I have the same question as jorei499, this example does not make sense to me. I am still struggling to understand the vcf format. I ran readbackedphasing on 100 samples (sequenced from PCR amplicons, each read covers all variable sites). I find in every case that the first heterozygous site is unphased. I can open the fasta alignment and easily see what the phasing should be. Is this normal? How do I interpret this?

205_phased.txt

300_phased.txt

From Geraldine_VdAuwera on 2014-04-17

@amy I’m sorry but I don’t understand your question, can you please clarify? Do you have a VCF file that does not have AD and DP for the samples?

From Geraldine_VdAuwera on 2014-04-17

@HeidiJTP‌, have a look at the part of the doc that says:

> Note that the first heterozygous genotype record in a pair of haplotypes will necessarily have a “/” – otherwise, they would be the continuation of the preceding haplotypes.

From HeidiJTP on 2014-04-17

Thanks so much for always responding quickly Geraldine. Does this mean that there is no way to determine the phase of the first heterozygous site using this method?

From Geraldine_VdAuwera on 2014-04-17

@HeidiJTP‌ The key here is that all the other sites after it are phased relative to that first site — so by definition, it is phased (arbitrarily). I agree that the notation is ambiguous and confusing, but that’s the format…

From HeidiJTP on 2014-04-18

Ok thanks. I wasn’t sure because the sample I was looking at had previously been typed differently, but I believe the issue was specific to that sample. Thanks for clearing that up for me!

From amy on 2014-04-22

> @Geraldine_VdAuwera said:

> amy I’m sorry but I don’t understand your question, can you please clarify?
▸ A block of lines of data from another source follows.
(* Let $\Omega\subset\mathbb{R}^m$ be a bounded domain with smooth boundary and outward normal $\mathbf{n}$, $V\subseteq\mathbb{R}^n$, $F\colon V\to\mathbb{R}^n$ any function, $1\le p\le\infty$, and $Q$ a positive diagonal matrix. Define $\tilde F\colon\mathbf{Y}\to\mathbf{X}$ by $\tilde F(w)(\omega)=F(w(\omega))$. Then $M^+_{\mathbf{Y},\mathbf{X}}[\tilde F]\le M_{p,Q}[F]$.
   Context: $\mathbf{Y}$ is the set of $w=(w_1,\dots,w_n)\colon\bar\Omega\to V$ with $w_i\in C^2(\bar\Omega)$ and $\partial w_i/\partial\mathbf{n}=0$ on $\partial\Omega$; $\mathbf{X}=C(\bar\Omega,\mathbb{R}^n)$ with norm $\|w\|_{p,Q}=\big\|(q_1\|w_1\|_{L^p},\dots,q_n\|w_n\|_{L^p})^T\big\|_p$. $M^+_{\mathbf{Y},\mathbf{X}}[\tilde F]=\sup_{u\neq v\in\mathbf{Y}}\lim_{h\to0^+}\frac1h\left(\frac{\|u-v+h(\tilde F(u)-\tilde F(v))\|_{p,Q}}{\|u-v\|_{p,Q}}-1\right)$. On $\mathbb{R}^n$, $\|x\|_{p,Q}=\|Qx\|_p$ and $M_{p,Q}[F]=\lim_{h\to0^+}\sup_{x\neq y\in V}\frac1h\left(\frac{\|x-y+h(F(x)-F(y))\|_{p,Q}}{\|x-y\|_{p,Q}}-1\right)$. *)

theory Defs
  imports "HOL-Analysis.Analysis" "HOL-Probability.Essential_Supremum"
begin

fun Ck_on :: "nat \<Rightarrow> 'a::euclidean_space set \<Rightarrow> ('a \<Rightarrow> real) \<Rightarrow> bool" where
  "Ck_on 0 S f = continuous_on S f"
| "Ck_on (Suc k) S f = ((\<forall>x\<in>S. f differentiable (at x)) \<and>
      (\<forall>b\<in>Basis. Ck_on k S (\<lambda>x. frechet_derivative f (at x) b)))"

definition smooth_on :: "'a::euclidean_space set \<Rightarrow> ('a \<Rightarrow> real) \<Rightarrow> bool" where
  "smooth_on S f = (\<forall>k. Ck_on k S f)"

definition grad :: "('a::euclidean_space \<Rightarrow> real) \<Rightarrow> 'a \<Rightarrow> 'a" where
  "grad f x = (\<Sum>b\<in>Basis. frechet_derivative f (at x) b *\<^sub>R b)"

definition local_defining_function :: "'a::euclidean_space set \<Rightarrow> 'a \<Rightarrow> real \<Rightarrow> ('a \<Rightarrow> real) \<Rightarrow> bool" where
  "local_defining_function \<Omega> x r \<phi> =
     (r > 0 \<and> smooth_on (ball x r) \<phi> \<and> (\<forall>y\<in>ball x r. grad \<phi> y \<noteq> 0) \<and>
      \<Omega> \<inter> ball x r = {y\<in>ball x r. \<phi> y < 0})"

definition bounded_smooth_domain :: "'a::euclidean_space set \<Rightarrow> bool" where
  "bounded_smooth_domain \<Omega> =
     (open \<Omega> \<and> connected \<Omega> \<and> \<Omega> \<noteq> {} \<and> bounded \<Omega> \<and>
      (\<forall>x\<in>frontier \<Omega>. \<exists>r \<phi>. local_defining_function \<Omega> x r \<phi>))"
Do you have a VCF file that does not have AD and DP for the samples?

The phased VCF file is the output form Read-backed phasing which only includes format GT:GL:GQ:(PQ) (just like the example in this page). My question is that can I ask other FORMATs like AD and DP? I would like to know the allelic counts. Thank you Geraldine!
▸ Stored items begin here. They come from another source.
(* Let $\Omega\subset\mathbb{R}^n$ ($n\ge2$) be a bounded domain with Lipschitz boundary, $\gamma,\beta,\theta\in M_0(\Omega)$ with $\theta(x)\ge\gamma(x)+\beta(x)+\varepsilon_0$ a.e. for some $\varepsilon_0>0$, and let $p\in M_0(\Omega)$ with $p(x)\ge\theta(x)$ for a.e. $x\in\Omega$. Then $W^{1,p(x)}(\Omega)\subset S_{1,\gamma(x),\beta(x),\theta(x)}(\Omega)$.
   Context: $M_0(\Omega)$: measurable $p:\Omega\to[1,\infty]$ with $1\le p^-\le p(x)\le p^+<\infty$ a.e. $W^{1,p(x)}(\Omega)=\{u\in L^{p(x)}(\Omega):|\nabla u|\in L^{p(x)}(\Omega)\}$ (variable exponent Sobolev space). $D_i=\partial/\partial x_i$. $S_{1,\gamma(x),\beta(x),\theta(x)}(\Omega)=\{u\in L^1(\Omega):\int_\Omega|u|^{\theta(x)}dx+\sum_{i=1}^n\int_\Omega|u|^{\gamma(x)}|D_iu|^{\beta(x)}dx<\infty\}$. *)

theory Defs
  imports "HOL-Analysis.Analysis"
begin

text \<open>Omega has Lipschitz boundary: near every boundary point, after a rigid
  change of coordinates (encoded by a unit direction nu), Omega is the region
  below the graph of a Lipschitz function g of the coordinates orthogonal to nu
  (g is constant along nu).\<close>
definition lipschitz_boundary :: "(real^'n) set \<Rightarrow> bool" where
  "lipschitz_boundary \<Omega> \<longleftrightarrow>
     (\<forall>x0\<in>frontier \<Omega>. \<exists>r>0. \<exists>\<nu>::real^'n. \<exists>g::real^'n \<Rightarrow> real. \<exists>L.
        norm \<nu> = 1 \<and> lipschitz_on L UNIV g \<and>
        (\<forall>y t. g (y + t *\<^sub>R \<nu>) = g y) \<and>
        \<Omega> \<inter> ball x0 r = {y \<in> ball x0 r. y \<bullet> \<nu> < g y})"

definition bounded_lipschitz_domain :: "(real^'n) set \<Rightarrow> bool" where
  "bounded_lipschitz_domain \<Omega> \<longleftrightarrow>
     open \<Omega> \<and> connected \<Omega> \<and> \<Omega> \<noteq> {} \<and> bounded \<Omega> \<and> lipschitz_boundary \<Omega>"

definition M0 :: "(real^'n) set \<Rightarrow> ((real^'n) \<Rightarrow> real) set" where
  "M0 \<Omega> = {p. p \<in> borel_measurable (lebesgue_on \<Omega>) \<and>
               (AE x in lebesgue_on \<Omega>. 1 \<le> p x) \<and>
               (\<exists>P. AE x in lebesgue_on \<Omega>. p x \<le> P)}"

definition modular :: "(real^'n) set \<Rightarrow> ((real^'n) \<Rightarrow> real) \<Rightarrow> ((real^'n) \<Rightarrow> real) \<Rightarrow> ennreal" where
  "modular \<Omega> p u = (\<integral>\<^sup>+ x. ennreal (\<bar>u x\<bar> powr p x) \<partial>(lebesgue_on \<Omega>))"

definition Lvar :: "(real^'n) set \<Rightarrow> ((real^'n) \<Rightarrow> real) \<Rightarrow> ((real^'n) \<Rightarrow> real) set" where
  "Lvar \<Omega> p = {u. u \<in> borel_measurable (lebesgue_on \<Omega>) \<and>
                 (\<exists>c>0. modular \<Omega> p (\<lambda>x. u x / c) < \<infinity>)}"

definition pderiv_i :: "'n \<Rightarrow> ((real^'n) \<Rightarrow> real) \<Rightarrow> (real^'n) \<Rightarrow> real" where
  "pderiv_i i f = (\<lambda>x. frechet_derivative f (at x) (axis i 1))"

fun iter_pderiv :: "'n list \<Rightarrow> ((real^'n) \<Rightarrow> real) \<Rightarrow> (real^'n) \<Rightarrow> real" where
  "iter_pderiv [] f = f"
| "iter_pderiv (i # is) f = pderiv_i i (iter_pderiv is f)"

definition smooth_fun :: "((real^'n) \<Rightarrow> real) \<Rightarrow> bool" where
  "smooth_fun f \<longleftrightarrow> (\<forall>is. (\<forall>x. iter_pderiv is f differentiable (at x)) \<and>
                             continuous_on UNIV (iter_pderiv is f))"

definition test_fun :: "(real^'n) set \<Rightarrow> ((real^'n) \<Rightarrow> real) \<Rightarrow> bool" where
  "test_fun \<Omega> \<phi> \<longleftrightarrow> smooth_fun \<phi> \<and> compact (closure {x. \<phi> x \<noteq> 0}) \<and>
                      closure {x. \<phi> x \<noteq> 0} \<subseteq> \<Omega>"

definition locally_integrable :: "(real^'n) set \<Rightarrow> ((real^'n) \<Rightarrow> real) \<Rightarrow> bool" where
  "locally_integrable \<Omega> f \<longleftrightarrow>
     (\<forall>K. compact K \<and> K \<subseteq> \<Omega> \<longrightarrow> integrable (lebesgue_on K) f)"

definition weak_pderiv :: "(real^'n) set \<Rightarrow> 'n \<Rightarrow> ((real^'n) \<Rightarrow> real) \<Rightarrow> ((real^'n) \<Rightarrow> real) \<Rightarrow> bool" where
  "weak_pderiv \<Omega> i u v \<longleftrightarrow> locally_integrable \<Omega> u \<and> locally_integrable \<Omega> v \<and>
     (\<forall>\<phi>. test_fun \<Omega> \<phi> \<longrightarrow>
        (\<integral>x. u x * pderiv_i i \<phi> x \<partial>(lebesgue_on \<Omega>)) = - (\<integral>x. v x * \<phi> x \<partial>(lebesgue_on \<Omega>)))"

definition W1var :: "(real^'n) set \<Rightarrow> ((real^'n) \<Rightarrow> real) \<Rightarrow> ((real^'n) \<Rightarrow> real) set" where
  "W1var \<Omega> p = {u. u \<in> Lvar \<Omega> p \<and>
      (\<exists>Du::'n \<Rightarrow> (real^'n) \<Rightarrow> real. (\<forall>i. weak_pderiv \<Omega> i u (Du i)) \<and>
          (\<lambda>x. norm (\<chi> i. Du i x)) \<in> Lvar \<Omega> p)}"

definition S_space :: "(real^'n) set \<Rightarrow> ((real^'n) \<Rightarrow> real) \<Rightarrow> ((real^'n) \<Rightarrow> real)
                        \<Rightarrow> ((real^'n) \<Rightarrow> real) \<Rightarrow> ((real^'n) \<Rightarrow> real) set" where
  "S_space \<Omega> \<gamma> \<beta> \<theta> = {u. integrable (lebesgue_on \<Omega>) u \<and>
      (\<exists>Du::'n \<Rightarrow> (real^'n) \<Rightarrow> real. (\<forall>i. weak_pderiv \<Omega> i u (Du i)) \<and>
         (\<integral>\<^sup>+ x. ennreal (\<bar>u x\<bar> powr \<theta> x) \<partial>(lebesgue_on \<Omega>))
         + (\<Sum>i\<in>UNIV. \<integral>\<^sup>+ x. ennreal (\<bar>u x\<bar> powr \<gamma> x * \<bar>Du i x\<bar> powr \<beta> x) \<partial>(lebesgue_on \<Omega>))
         < \<infinity>)}"

end

theory Submission
  imports Defs
begin

text \<open>Since \<open>\<theta> \<le> p\<close> and \<open>\<gamma> + \<beta> < \<theta>\<close>, every integrand in the definition of
  \<open>S\<^sub>1\<^sub>,\<^sub>\<gamma>\<^sub>,\<^sub>\<beta>\<^sub>,\<^sub>\<theta>\<close>, as well as \<open>|u|\<close> itself, is bounded pointwise by
  \<open>1 + |u|\<^sup>p + |\<nabla>u|\<^sup>p\<close>: a power below \<open>p\<close> of a number at most 1 is at most 1, and of a
  larger number is at most its \<open>p\<close>-th power; for the mixed terms one compares both factors
  with the larger of \<open>|u|\<close> and \<open>|\<nabla>u|\<close>. The dominating function is integrable because
  \<open>\<Omega>\<close> has finite measure and \<open>u, |\<nabla>u| \<in> L\<^sup>p\<^sup>(\<^sup>x\<^sup>)\<close> with bounded \<open>p\<close>.\<close>

lemma powr_le_one_plus_powr:
  fixes a e q :: real
  assumes "0 \<le> a" "0 \<le> e" "e \<le> q"
  shows "a powr e \<le> 1 + a powr q"
proof (cases "a \<le> 1")
  case True
  then have "a powr e \<le> 1 powr e" using assms by (intro powr_mono2) auto
  then show ?thesis by (simp add: add_increasing2)
next
  case False
  then have "a powr e \<le> a powr q" using assms by (intro powr_mono) auto
  then show ?thesis by simp
qed

lemma powr_mult_powr_le_one_plus:
  fixes a b g h q :: real
  assumes "0 \<le> a" "0 \<le> b" "0 \<le> g" "0 \<le> h" "g + h \<le> q"
  shows "a powr g * b powr h \<le> 1 + a powr q + b powr q"
proof -
  define m where "m = max a b"
  have "a powr g * b powr h \<le> m powr g * m powr h"
    using assms by (intro mult_mono powr_mono2) (auto simp: m_def)
  also have "\<dots> = m powr (g + h)" by (simp add: powr_add)
  also have "\<dots> \<le> 1 + m powr q"
    using assms by (intro powr_le_one_plus_powr) (auto simp: m_def)
  also have "\<dots> \<le> 1 + a powr q + b powr q"
    by (simp add: m_def max_def)
  finally show ?thesis .
qed

lemma powr_mult_powr_component_le_one_plus:
  fixes v :: "real^'n"
  assumes "0 \<le> g" "0 \<le> h" "g + h \<le> q"
  shows "\<bar>a\<bar> powr g * \<bar>v $ i\<bar> powr h \<le> 1 + \<bar>a\<bar> powr q + norm v powr q"
proof -
  have "\<bar>a\<bar> powr g * \<bar>v $ i\<bar> powr h \<le> \<bar>a\<bar> powr g * norm v powr h"
    using assms component_le_norm_cart[of v i] by (intro mult_left_mono powr_mono2) auto
  also have "\<dots> \<le> 1 + \<bar>a\<bar> powr q + norm v powr q"
    using assms by (intro powr_mult_powr_le_one_plus) auto
  finally show ?thesis .
qed

lemma modular_finite_if_Lvar:
  assumes "u \<in> Lvar \<Omega> p"
    and "AE x in lebesgue_on \<Omega>. 0 \<le> p x" and "AE x in lebesgue_on \<Omega>. p x \<le> P"
    and [measurable]: "p \<in> borel_measurable (lebesgue_on \<Omega>)"
  shows "modular \<Omega> p u < \<infinity>"
proof -
  have [measurable]: "u \<in> borel_measurable (lebesgue_on \<Omega>)"
    using assms(1) by (simp add: Lvar_def)
  obtain c where "c > 0" and fin: "modular \<Omega> p (\<lambda>x. u x / c) < \<infinity>"
    using assms(1) by (auto simp: Lvar_def)
  define K where "K = 1 + c powr P"
  have "AE x in lebesgue_on \<Omega>.
      ennreal (\<bar>u x\<bar> powr p x) \<le> ennreal K * ennreal (\<bar>u x / c\<bar> powr p x)"
    using assms(2,3)
  proof eventually_elim
    case (elim x)
    have "c powr p x \<le> 1 + c powr P"
      using \<open>c > 0\<close> elim powr_le_one_plus_powr[of c "p x" P] powr_mono[of "p x" P c]
      by (cases "c \<le> 1") (auto simp: add_increasing2)
    moreover have "\<bar>u x\<bar> powr p x = c powr p x * \<bar>u x / c\<bar> powr p x"
      using \<open>c > 0\<close> by (simp flip: powr_mult add: abs_divide)
    ultimately have "\<bar>u x\<bar> powr p x \<le> K * \<bar>u x / c\<bar> powr p x"
      by (simp add: K_def mult_right_mono)
    then show ?case
      by (metis K_def ennreal_leI ennreal_mult' powr_ge_zero add_nonneg_nonneg zero_le_one)
  qed
  then have "modular \<Omega> p u \<le> (\<integral>\<^sup>+ x. ennreal K * ennreal (\<bar>u x / c\<bar> powr p x) \<partial>lebesgue_on \<Omega>)"
    unfolding modular_def by (rule nn_integral_mono_AE)
  also have "\<dots> = ennreal K * modular \<Omega> p (\<lambda>x. u x / c)"
    unfolding modular_def by (rule nn_integral_cmult) measurable
  also have "\<dots> < \<infinity>" using fin by (simp add: ennreal_mult_less_top)
  finally show ?thesis .
qed

lemma (in finite_measure) nn_integral_finite_if_le_one_plus:
  assumes [measurable]: "g \<in> borel_measurable M" "h \<in> borel_measurable M"
    and "\<And>x. 0 \<le> g x" "\<And>x. 0 \<le> h x"
    and "(\<integral>\<^sup>+ x. ennreal (g x) \<partial>M) < \<infinity>" "(\<integral>\<^sup>+ x. ennreal (h x) \<partial>M) < \<infinity>"
    and "AE x in M. f x \<le> 1 + g x + h x"
  shows "(\<integral>\<^sup>+ x. ennreal (f x) \<partial>M) < \<infinity>"
proof -
  have "ennreal (f x) \<le> ennreal 1 + ennreal (g x) + ennreal (h x)"
    if "f x \<le> 1 + g x + h x" for x
  proof -
    have "ennreal (f x) \<le> ennreal (1 + g x + h x)" using that by (rule ennreal_leI)
    then show ?thesis using assms(3,4) by (simp add: ennreal_plus)
  qed
  then have "(\<integral>\<^sup>+ x. ennreal (f x) \<partial>M) \<le> (\<integral>\<^sup>+ x. ennreal 1 + ennreal (g x) + ennreal (h x) \<partial>M)"
    using assms(7) by (intro nn_integral_mono_AE) (auto elim!: eventually_mono)
  also have "\<dots> = emeasure M (space M) + (\<integral>\<^sup>+ x. ennreal (g x) \<partial>M) + (\<integral>\<^sup>+ x. ennreal (h x) \<partial>M)"
    by (simp add: nn_integral_add)
  also have "\<dots> < \<infinity>" using assms(5,6) by (simp add: less_top[symmetric])
  finally show ?thesis .
qed

lemma nn_integral_finite_if_le_one_plus_modulars:
  assumes "\<Omega> \<in> lmeasurable" "p \<in> M0 \<Omega>" "u \<in> Lvar \<Omega> p" "v \<in> Lvar \<Omega> p"
    and "AE x in lebesgue_on \<Omega>. f x \<le> 1 + \<bar>u x\<bar> powr p x + \<bar>v x\<bar> powr p x"
  shows "(\<integral>\<^sup>+ x. ennreal (f x) \<partial>lebesgue_on \<Omega>) < \<infinity>"
proof -
  interpret finite_measure "lebesgue_on \<Omega>"
    using assms(1) by (rule finite_measure_lebesgue_on)
  obtain P where "AE x in lebesgue_on \<Omega>. p x \<le> P"
    using assms(2) by (auto simp: M0_def)
  moreover have "AE x in lebesgue_on \<Omega>. 0 \<le> p x"
    using assms(2) by (auto simp: M0_def elim: eventually_mono)
  moreover have [measurable]: "p \<in> borel_measurable (lebesgue_on \<Omega>)"
    "u \<in> borel_measurable (lebesgue_on \<Omega>)" "v \<in> borel_measurable (lebesgue_on \<Omega>)"
    using assms(2-4) by (simp_all add: M0_def Lvar_def)
  ultimately have "modular \<Omega> p u < \<infinity>" "modular \<Omega> p v < \<infinity>"
    using assms(3,4) by (blast intro: modular_finite_if_Lvar)+
  note modulars_finite = this[unfolded modular_def]
  show ?thesis
    by (rule nn_integral_finite_if_le_one_plus[OF _ _ _ _ modulars_finite assms(5)]) simp_all
qed

theorem theorem3p5:
  fixes \<Omega> :: "(real^'n) set"
    and \<gamma> \<beta> \<theta> p :: "(real^'n) \<Rightarrow> real"
    and \<epsilon>0 :: real
  assumes "CARD('n) \<ge> 2"
    and "bounded_lipschitz_domain \<Omega>"
    and "\<gamma> \<in> M0 \<Omega>" and "\<beta> \<in> M0 \<Omega>" and "\<theta> \<in> M0 \<Omega>"
    and "\<epsilon>0 > 0"
    and "AE x in lebesgue_on \<Omega>. \<theta> x \<ge> \<gamma> x + \<beta> x + \<epsilon>0"
    and "p \<in> M0 \<Omega>"
    and "AE x in lebesgue_on \<Omega>. p x \<ge> \<theta> x"
  shows "W1var \<Omega> p \<subseteq> S_space \<Omega> \<gamma> \<beta> \<theta>"
proof
  fix u assume "u \<in> W1var \<Omega> p"
  then obtain Du :: "'n \<Rightarrow> (real^'n) \<Rightarrow> real"
    where u: "u \<in> Lvar \<Omega> p" and Du: "\<forall>i. weak_pderiv \<Omega> i u (Du i)"
      and grad: "(\<lambda>x. norm (\<chi> i. Du i x)) \<in> Lvar \<Omega> p"
    by (auto simp: W1var_def)
  have "\<Omega> \<in> lmeasurable"
    using assms(2) by (intro bounded_set_imp_lmeasurable) (auto simp: bounded_lipschitz_domain_def borel_open)
  note dominated = nn_integral_finite_if_le_one_plus_modulars[OF this assms(8) u grad]
  have "AE x in lebesgue_on \<Omega>. 1 \<le> \<gamma> x" "AE x in lebesgue_on \<Omega>. 1 \<le> \<beta> x"
      "AE x in lebesgue_on \<Omega>. 1 \<le> p x"
    using assms(3,4,8) by (simp_all add: M0_def)
  then have exponents: "AE x in lebesgue_on \<Omega>. 0 \<le> \<gamma> x \<and> 0 \<le> \<beta> x \<and> 0 \<le> \<theta> x \<and> 1 \<le> p x
      \<and> \<gamma> x + \<beta> x \<le> p x \<and> \<theta> x \<le> p x"
    using assms(7,9) by eventually_elim (use assms(6) in auto)
  have "(\<integral>\<^sup>+ x. ennreal (norm (u x)) \<partial>lebesgue_on \<Omega>) < \<infinity>"
    using powr_le_one_plus_powr[of "\<bar>u x\<bar>" 1 "p x" for x]
    by (intro dominated eventually_mono[OF exponents]) (auto intro: add_increasing2)
  then have "integrable (lebesgue_on \<Omega>) u"
    using u by (intro integrableI_bounded) (simp_all add: Lvar_def)
  moreover have "(\<integral>\<^sup>+ x. ennreal (\<bar>u x\<bar> powr \<theta> x) \<partial>lebesgue_on \<Omega>) < \<infinity>"
    using powr_le_one_plus_powr[of "\<bar>u x\<bar>" "\<theta> x" "p x" for x]
    by (intro dominated eventually_mono[OF exponents]) (auto intro: add_increasing2)
  moreover have "(\<integral>\<^sup>+ x. ennreal (\<bar>u x\<bar> powr \<gamma> x * \<bar>Du i x\<bar> powr \<beta> x) \<partial>lebesgue_on \<Omega>) < \<infinity>" for i
    using powr_mult_powr_component_le_one_plus[of "\<gamma> x" "\<beta> x" "p x" "u x" "\<chi> i. Du i x" i for x]
    by (intro dominated eventually_mono[OF exponents]) auto
  ultimately show "u \<in> S_space \<Omega> \<gamma> \<beta> \<theta>"
    using Du by (auto simp: S_space_def sum_Pinfty less_top)
qed

end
From Geraldine_VdAuwera on 2014-04-22

Hi @amy,

I think the latest version should output those fields, if you started out with a VCF produced by GATK. Let me know if you find that’s not the case.

From bvecchio on 2014-04-23

Hi Geraldine,

I am continuing my analysis of re-sequencing data for a 200kb region in 600 unrelated samples. I have successfully used the ReadBackedPhasing tool and believe I will be able to take the output and feed it into BEAGLE for additional population based phasing of INDELs (which are not phased via the read based algorithm). I am wondering if you know of a tool available which will generate a consensus sequence for phased regions, or that will easily allow determination of phase of SNPs in a given region. For example, I’d like to query the phased VCF output of BEAGLE for a given snp, SNP A, and determine if it was found on the same haplotype has SNP B in a given individual (without delving into the VCF by hand in a text editor).

As a side note, I was also able to use the VariantstoBinaryPed tool on our dataset for bi-allelic sites and wrote a code to convert multi-allelic sites into psudomarkers. However, the tool did have some trouble with the sex chromosomes, so I opted to remove them for the time being.

Thank you for your time,

-Briana

From Geraldine_VdAuwera on 2014-04-23

@bvecchio‌ There is no tool in GATK that will do exactly what you want. You can have the HaplotypeCaller output haplotype sequences using the -bamOut argument, but it doesn’t actually use the phasing info from VCFs. Starting from a VCF you can use AlternateReferenceMaker to output consensus sequence, but that will output IUPAC ambiguity codes for heterozygous sites, and will not use phasing info either. I have heard of people writing their own scripts to do what you want but I can’t recommend any as I haven’t used them myself.

Sex chromosomes tend to be problematic…

Good luck!

From amy on 2014-04-24

Hi Geraldine,

I started with a VCF file who do have FORMAT AD and DP. I tried the latest version 3.1-1 to do Read-backed phasing and things became a little complicate. First, I used a subset of the data, it works, but still do not have AD and DP. Then I tried all my data, it gave me “ A GATK RUNTIME ERROR has occurred (version 3.1-1-g07a4bf8): ….. This might be a bug……MESSAGE: 255”. Before, with exactly the same command, it worked in version 2.8.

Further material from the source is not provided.